TASK PROMPT:
Print back every record below, exactly as it stands.

[Stored data]
************

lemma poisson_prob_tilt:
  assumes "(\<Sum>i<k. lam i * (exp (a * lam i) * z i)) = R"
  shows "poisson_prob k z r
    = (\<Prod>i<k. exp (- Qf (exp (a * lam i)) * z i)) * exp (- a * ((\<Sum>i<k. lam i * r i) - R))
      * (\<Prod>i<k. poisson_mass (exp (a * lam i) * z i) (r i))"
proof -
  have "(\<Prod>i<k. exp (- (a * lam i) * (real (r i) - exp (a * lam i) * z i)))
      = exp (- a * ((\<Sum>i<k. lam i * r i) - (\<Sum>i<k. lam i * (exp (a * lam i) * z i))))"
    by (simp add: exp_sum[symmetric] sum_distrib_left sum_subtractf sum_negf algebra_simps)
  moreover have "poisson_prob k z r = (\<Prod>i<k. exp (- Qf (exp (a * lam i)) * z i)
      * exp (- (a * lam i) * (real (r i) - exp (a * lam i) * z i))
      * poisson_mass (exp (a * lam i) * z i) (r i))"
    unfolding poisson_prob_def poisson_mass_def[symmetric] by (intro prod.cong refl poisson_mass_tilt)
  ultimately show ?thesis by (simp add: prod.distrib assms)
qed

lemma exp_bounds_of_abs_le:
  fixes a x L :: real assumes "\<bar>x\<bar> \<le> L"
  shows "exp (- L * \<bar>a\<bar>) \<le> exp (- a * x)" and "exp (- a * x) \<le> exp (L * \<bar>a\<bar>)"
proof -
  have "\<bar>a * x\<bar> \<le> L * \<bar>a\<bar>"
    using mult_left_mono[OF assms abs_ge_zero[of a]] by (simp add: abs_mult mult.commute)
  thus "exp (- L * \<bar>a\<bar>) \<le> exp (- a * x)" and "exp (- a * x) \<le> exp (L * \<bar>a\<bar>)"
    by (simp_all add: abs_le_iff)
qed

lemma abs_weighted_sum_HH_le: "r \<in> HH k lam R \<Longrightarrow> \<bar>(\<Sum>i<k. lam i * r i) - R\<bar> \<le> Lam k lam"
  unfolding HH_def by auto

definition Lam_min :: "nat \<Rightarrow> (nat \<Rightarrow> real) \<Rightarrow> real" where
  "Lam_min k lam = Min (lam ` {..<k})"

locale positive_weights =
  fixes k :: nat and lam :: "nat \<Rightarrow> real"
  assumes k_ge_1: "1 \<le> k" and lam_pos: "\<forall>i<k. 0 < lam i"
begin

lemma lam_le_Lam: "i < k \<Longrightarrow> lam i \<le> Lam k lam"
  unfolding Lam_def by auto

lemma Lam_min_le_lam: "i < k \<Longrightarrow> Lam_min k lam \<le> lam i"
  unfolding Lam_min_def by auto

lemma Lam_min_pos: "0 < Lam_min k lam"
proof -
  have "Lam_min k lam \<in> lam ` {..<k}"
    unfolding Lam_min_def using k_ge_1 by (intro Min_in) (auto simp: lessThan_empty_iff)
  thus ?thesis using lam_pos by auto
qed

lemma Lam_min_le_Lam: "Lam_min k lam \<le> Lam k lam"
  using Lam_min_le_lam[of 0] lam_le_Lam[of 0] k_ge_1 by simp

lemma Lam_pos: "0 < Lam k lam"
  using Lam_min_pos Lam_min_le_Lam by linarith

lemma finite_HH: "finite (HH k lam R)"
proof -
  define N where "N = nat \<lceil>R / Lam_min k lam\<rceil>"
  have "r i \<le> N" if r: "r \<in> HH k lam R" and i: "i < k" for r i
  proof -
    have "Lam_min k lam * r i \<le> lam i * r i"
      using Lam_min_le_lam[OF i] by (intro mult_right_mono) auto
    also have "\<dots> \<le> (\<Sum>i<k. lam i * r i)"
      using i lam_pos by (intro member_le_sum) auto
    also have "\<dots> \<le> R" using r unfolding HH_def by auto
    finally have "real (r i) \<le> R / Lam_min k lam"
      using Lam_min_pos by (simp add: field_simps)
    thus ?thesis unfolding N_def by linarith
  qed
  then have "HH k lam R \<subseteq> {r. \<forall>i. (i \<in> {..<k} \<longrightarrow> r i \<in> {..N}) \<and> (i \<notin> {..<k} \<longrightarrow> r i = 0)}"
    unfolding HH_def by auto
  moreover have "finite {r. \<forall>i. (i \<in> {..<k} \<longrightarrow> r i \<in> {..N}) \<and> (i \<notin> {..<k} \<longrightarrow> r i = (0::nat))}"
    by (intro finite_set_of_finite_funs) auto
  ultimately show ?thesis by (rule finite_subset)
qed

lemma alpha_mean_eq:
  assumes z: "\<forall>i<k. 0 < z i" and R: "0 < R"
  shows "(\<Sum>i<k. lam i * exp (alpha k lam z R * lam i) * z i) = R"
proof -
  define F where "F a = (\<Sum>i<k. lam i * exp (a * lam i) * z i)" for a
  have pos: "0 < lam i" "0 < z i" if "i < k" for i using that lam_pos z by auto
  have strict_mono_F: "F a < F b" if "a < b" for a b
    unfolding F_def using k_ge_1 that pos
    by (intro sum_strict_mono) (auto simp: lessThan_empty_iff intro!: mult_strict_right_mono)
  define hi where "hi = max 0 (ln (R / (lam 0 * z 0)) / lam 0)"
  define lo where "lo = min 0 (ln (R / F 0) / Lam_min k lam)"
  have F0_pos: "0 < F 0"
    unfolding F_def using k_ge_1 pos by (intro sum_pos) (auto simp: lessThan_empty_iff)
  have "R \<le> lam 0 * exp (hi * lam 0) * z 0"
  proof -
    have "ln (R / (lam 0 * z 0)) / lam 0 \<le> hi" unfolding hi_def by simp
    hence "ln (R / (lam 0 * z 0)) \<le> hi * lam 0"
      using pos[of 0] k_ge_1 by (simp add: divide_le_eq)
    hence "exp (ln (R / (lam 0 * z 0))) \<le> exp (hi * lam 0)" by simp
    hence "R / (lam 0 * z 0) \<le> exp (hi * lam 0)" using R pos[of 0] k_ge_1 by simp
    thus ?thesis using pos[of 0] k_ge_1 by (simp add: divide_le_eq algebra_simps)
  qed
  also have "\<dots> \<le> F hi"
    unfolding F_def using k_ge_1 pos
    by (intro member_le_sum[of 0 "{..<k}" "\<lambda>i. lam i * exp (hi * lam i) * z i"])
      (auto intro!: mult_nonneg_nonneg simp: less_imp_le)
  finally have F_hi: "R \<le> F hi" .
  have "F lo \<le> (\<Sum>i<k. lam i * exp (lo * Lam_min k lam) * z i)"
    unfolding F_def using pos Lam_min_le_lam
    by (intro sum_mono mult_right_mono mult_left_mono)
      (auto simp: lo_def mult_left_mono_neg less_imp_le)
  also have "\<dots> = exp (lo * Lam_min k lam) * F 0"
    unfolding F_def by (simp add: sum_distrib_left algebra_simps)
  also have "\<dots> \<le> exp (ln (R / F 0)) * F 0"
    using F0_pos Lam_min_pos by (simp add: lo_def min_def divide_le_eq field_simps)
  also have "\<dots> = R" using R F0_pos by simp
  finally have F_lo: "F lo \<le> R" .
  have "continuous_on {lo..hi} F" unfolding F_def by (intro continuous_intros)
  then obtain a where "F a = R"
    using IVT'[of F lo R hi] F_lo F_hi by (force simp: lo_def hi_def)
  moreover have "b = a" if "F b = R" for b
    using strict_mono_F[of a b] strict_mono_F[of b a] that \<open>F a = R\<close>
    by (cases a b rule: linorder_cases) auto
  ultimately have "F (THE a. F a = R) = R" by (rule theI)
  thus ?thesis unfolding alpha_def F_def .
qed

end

************

RESPONSE FOR THIS EXERCISE:
lemma poisson_prob_tilt:
  assumes "(\<Sum>i<k. lam i * (exp (a * lam i) * z i)) = R"
  shows "poisson_prob k z r
    = (\<Prod>i<k. exp (- Qf (exp (a * lam i)) * z i)) * exp (- a * ((\<Sum>i<k. lam i * r i) - R))
      * (\<Prod>i<k. poisson_mass (exp (a * lam i) * z i) (r i))"
proof -
  have "(\<Prod>i<k. exp (- (a * lam i) * (real (r i) - exp (a * lam i) * z i)))
      = exp (- a * ((\<Sum>i<k. lam i * r i) - (\<Sum>i<k. lam i * (exp (a * lam i) * z i))))"
    by (simp add: exp_sum[symmetric] sum_distrib_left sum_subtractf sum_negf algebra_simps)
  moreover have "poisson_prob k z r = (\<Prod>i<k. exp (- Qf (exp (a * lam i)) * z i)
      * exp (- (a * lam i) * (real (r i) - exp (a * lam i) * z i))
      * poisson_mass (exp (a * lam i) * z i) (r i))"
    unfolding poisson_prob_def poisson_mass_def[symmetric] by (intro prod.cong refl poisson_mass_tilt)
  ultimately show ?thesis by (simp add: prod.distrib assms)
qed

lemma exp_bounds_of_abs_le:
  fixes a x L :: real assumes "\<bar>x\<bar> \<le> L"
  shows "exp (- L * \<bar>a\<bar>) \<le> exp (- a * x)" and "exp (- a * x) \<le> exp (L * \<bar>a\<bar>)"
proof -
  have "\<bar>a * x\<bar> \<le> L * \<bar>a\<bar>"
    using mult_left_mono[OF assms abs_ge_zero[of a]] by (simp add: abs_mult mult.commute)
  thus "exp (- L * \<bar>a\<bar>) \<le> exp (- a * x)" and "exp (- a * x) \<le> exp (L * \<bar>a\<bar>)"
    by (simp_all add: abs_le_iff)
qed

lemma abs_weighted_sum_HH_le: "r \<in> HH k lam R \<Longrightarrow> \<bar>(\<Sum>i<k. lam i * r i) - R\<bar> \<le> Lam k lam"
  unfolding HH_def by auto

definition Lam_min :: "nat \<Rightarrow> (nat \<Rightarrow> real) \<Rightarrow> real" where
  "Lam_min k lam = Min (lam ` {..<k})"

locale positive_weights =
  fixes k :: nat and lam :: "nat \<Rightarrow> real"
  assumes k_ge_1: "1 \<le> k" and lam_pos: "\<forall>i<k. 0 < lam i"
begin

lemma lam_le_Lam: "i < k \<Longrightarrow> lam i \<le> Lam k lam"
  unfolding Lam_def by auto

lemma Lam_min_le_lam: "i < k \<Longrightarrow> Lam_min k lam \<le> lam i"
  unfolding Lam_min_def by auto

lemma Lam_min_pos: "0 < Lam_min k lam"
proof -
  have "Lam_min k lam \<in> lam ` {..<k}"
    unfolding Lam_min_def using k_ge_1 by (intro Min_in) (auto simp: lessThan_empty_iff)
  thus ?thesis using lam_pos by auto
qed

lemma Lam_min_le_Lam: "Lam_min k lam \<le> Lam k lam"
  using Lam_min_le_lam[of 0] lam_le_Lam[of 0] k_ge_1 by simp

lemma Lam_pos: "0 < Lam k lam"
  using Lam_min_pos Lam_min_le_Lam by linarith

lemma finite_HH: "finite (HH k lam R)"
proof -
  define N where "N = nat \<lceil>R / Lam_min k lam\<rceil>"
  have "r i \<le> N" if r: "r \<in> HH k lam R" and i: "i < k" for r i
  proof -
    have "Lam_min k lam * r i \<le> lam i * r i"
      using Lam_min_le_lam[OF i] by (intro mult_right_mono) auto
    also have "\<dots> \<le> (\<Sum>i<k. lam i * r i)"
      using i lam_pos by (intro member_le_sum) auto
    also have "\<dots> \<le> R" using r unfolding HH_def by auto
    finally have "real (r i) \<le> R / Lam_min k lam"
      using Lam_min_pos by (simp add: field_simps)
    thus ?thesis unfolding N_def by linarith
  qed
  then have "HH k lam R \<subseteq> {r. \<forall>i. (i \<in> {..<k} \<longrightarrow> r i \<in> {..N}) \<and> (i \<notin> {..<k} \<longrightarrow> r i = 0)}"
    unfolding HH_def by auto
  moreover have "finite {r. \<forall>i. (i \<in> {..<k} \<longrightarrow> r i \<in> {..N}) \<and> (i \<notin> {..<k} \<longrightarrow> r i = (0::nat))}"
    by (intro finite_set_of_finite_funs) auto
  ultimately show ?thesis by (rule finite_subset)
qed

lemma alpha_mean_eq:
  assumes z: "\<forall>i<k. 0 < z i" and R: "0 < R"
  shows "(\<Sum>i<k. lam i * exp (alpha k lam z R * lam i) * z i) = R"
proof -
  define F where "F a = (\<Sum>i<k. lam i * exp (a * lam i) * z i)" for a
  have pos: "0 < lam i" "0 < z i" if "i < k" for i using that lam_pos z by auto
  have strict_mono_F: "F a < F b" if "a < b" for a b
    unfolding F_def using k_ge_1 that pos
    by (intro sum_strict_mono) (auto simp: lessThan_empty_iff intro!: mult_strict_right_mono)
  define hi where "hi = max 0 (ln (R / (lam 0 * z 0)) / lam 0)"
  define lo where "lo = min 0 (ln (R / F 0) / Lam_min k lam)"
  have F0_pos: "0 < F 0"
    unfolding F_def using k_ge_1 pos by (intro sum_pos) (auto simp: lessThan_empty_iff)
  have "R \<le> lam 0 * exp (hi * lam 0) * z 0"
  proof -
    have "ln (R / (lam 0 * z 0)) / lam 0 \<le> hi" unfolding hi_def by simp
    hence "ln (R / (lam 0 * z 0)) \<le> hi * lam 0"
      using pos[of 0] k_ge_1 by (simp add: divide_le_eq)
    hence "exp (ln (R / (lam 0 * z 0))) \<le> exp (hi * lam 0)" by simp
    hence "R / (lam 0 * z 0) \<le> exp (hi * lam 0)" using R pos[of 0] k_ge_1 by simp
    thus ?thesis using pos[of 0] k_ge_1 by (simp add: divide_le_eq algebra_simps)
  qed
  also have "\<dots> \<le> F hi"
    unfolding F_def using k_ge_1 pos
    by (intro member_le_sum[of 0 "{..<k}" "\<lambda>i. lam i * exp (hi * lam i) * z i"])
      (auto intro!: mult_nonneg_nonneg simp: less_imp_le)
  finally have F_hi: "R \<le> F hi" .
  have "F lo \<le> (\<Sum>i<k. lam i * exp (lo * Lam_min k lam) * z i)"
    unfolding F_def using pos Lam_min_le_lam
    by (intro sum_mono mult_right_mono mult_left_mono)
      (auto simp: lo_def mult_left_mono_neg less_imp_le)
  also have "\<dots> = exp (lo * Lam_min k lam) * F 0"
    unfolding F_def by (simp add: sum_distrib_left algebra_simps)
  also have "\<dots> \<le> exp (ln (R / F 0)) * F 0"
    using F0_pos Lam_min_pos by (simp add: lo_def min_def divide_le_eq field_simps)
  also have "\<dots> = R" using R F0_pos by simp
  finally have F_lo: "F lo \<le> R" .
  have "continuous_on {lo..hi} F" unfolding F_def by (intro continuous_intros)
  then obtain a where "F a = R"
    using IVT'[of F lo R hi] F_lo F_hi by (force simp: lo_def hi_def)
  moreover have "b = a" if "F b = R" for b
    using strict_mono_F[of a b] strict_mono_F[of b a] that \<open>F a = R\<close>
    by (cases a b rule: linorder_cases) auto
  ultimately have "F (THE a. F a = R) = R" by (rule theI)
  thus ?thesis unfolding alpha_def F_def .
qed

end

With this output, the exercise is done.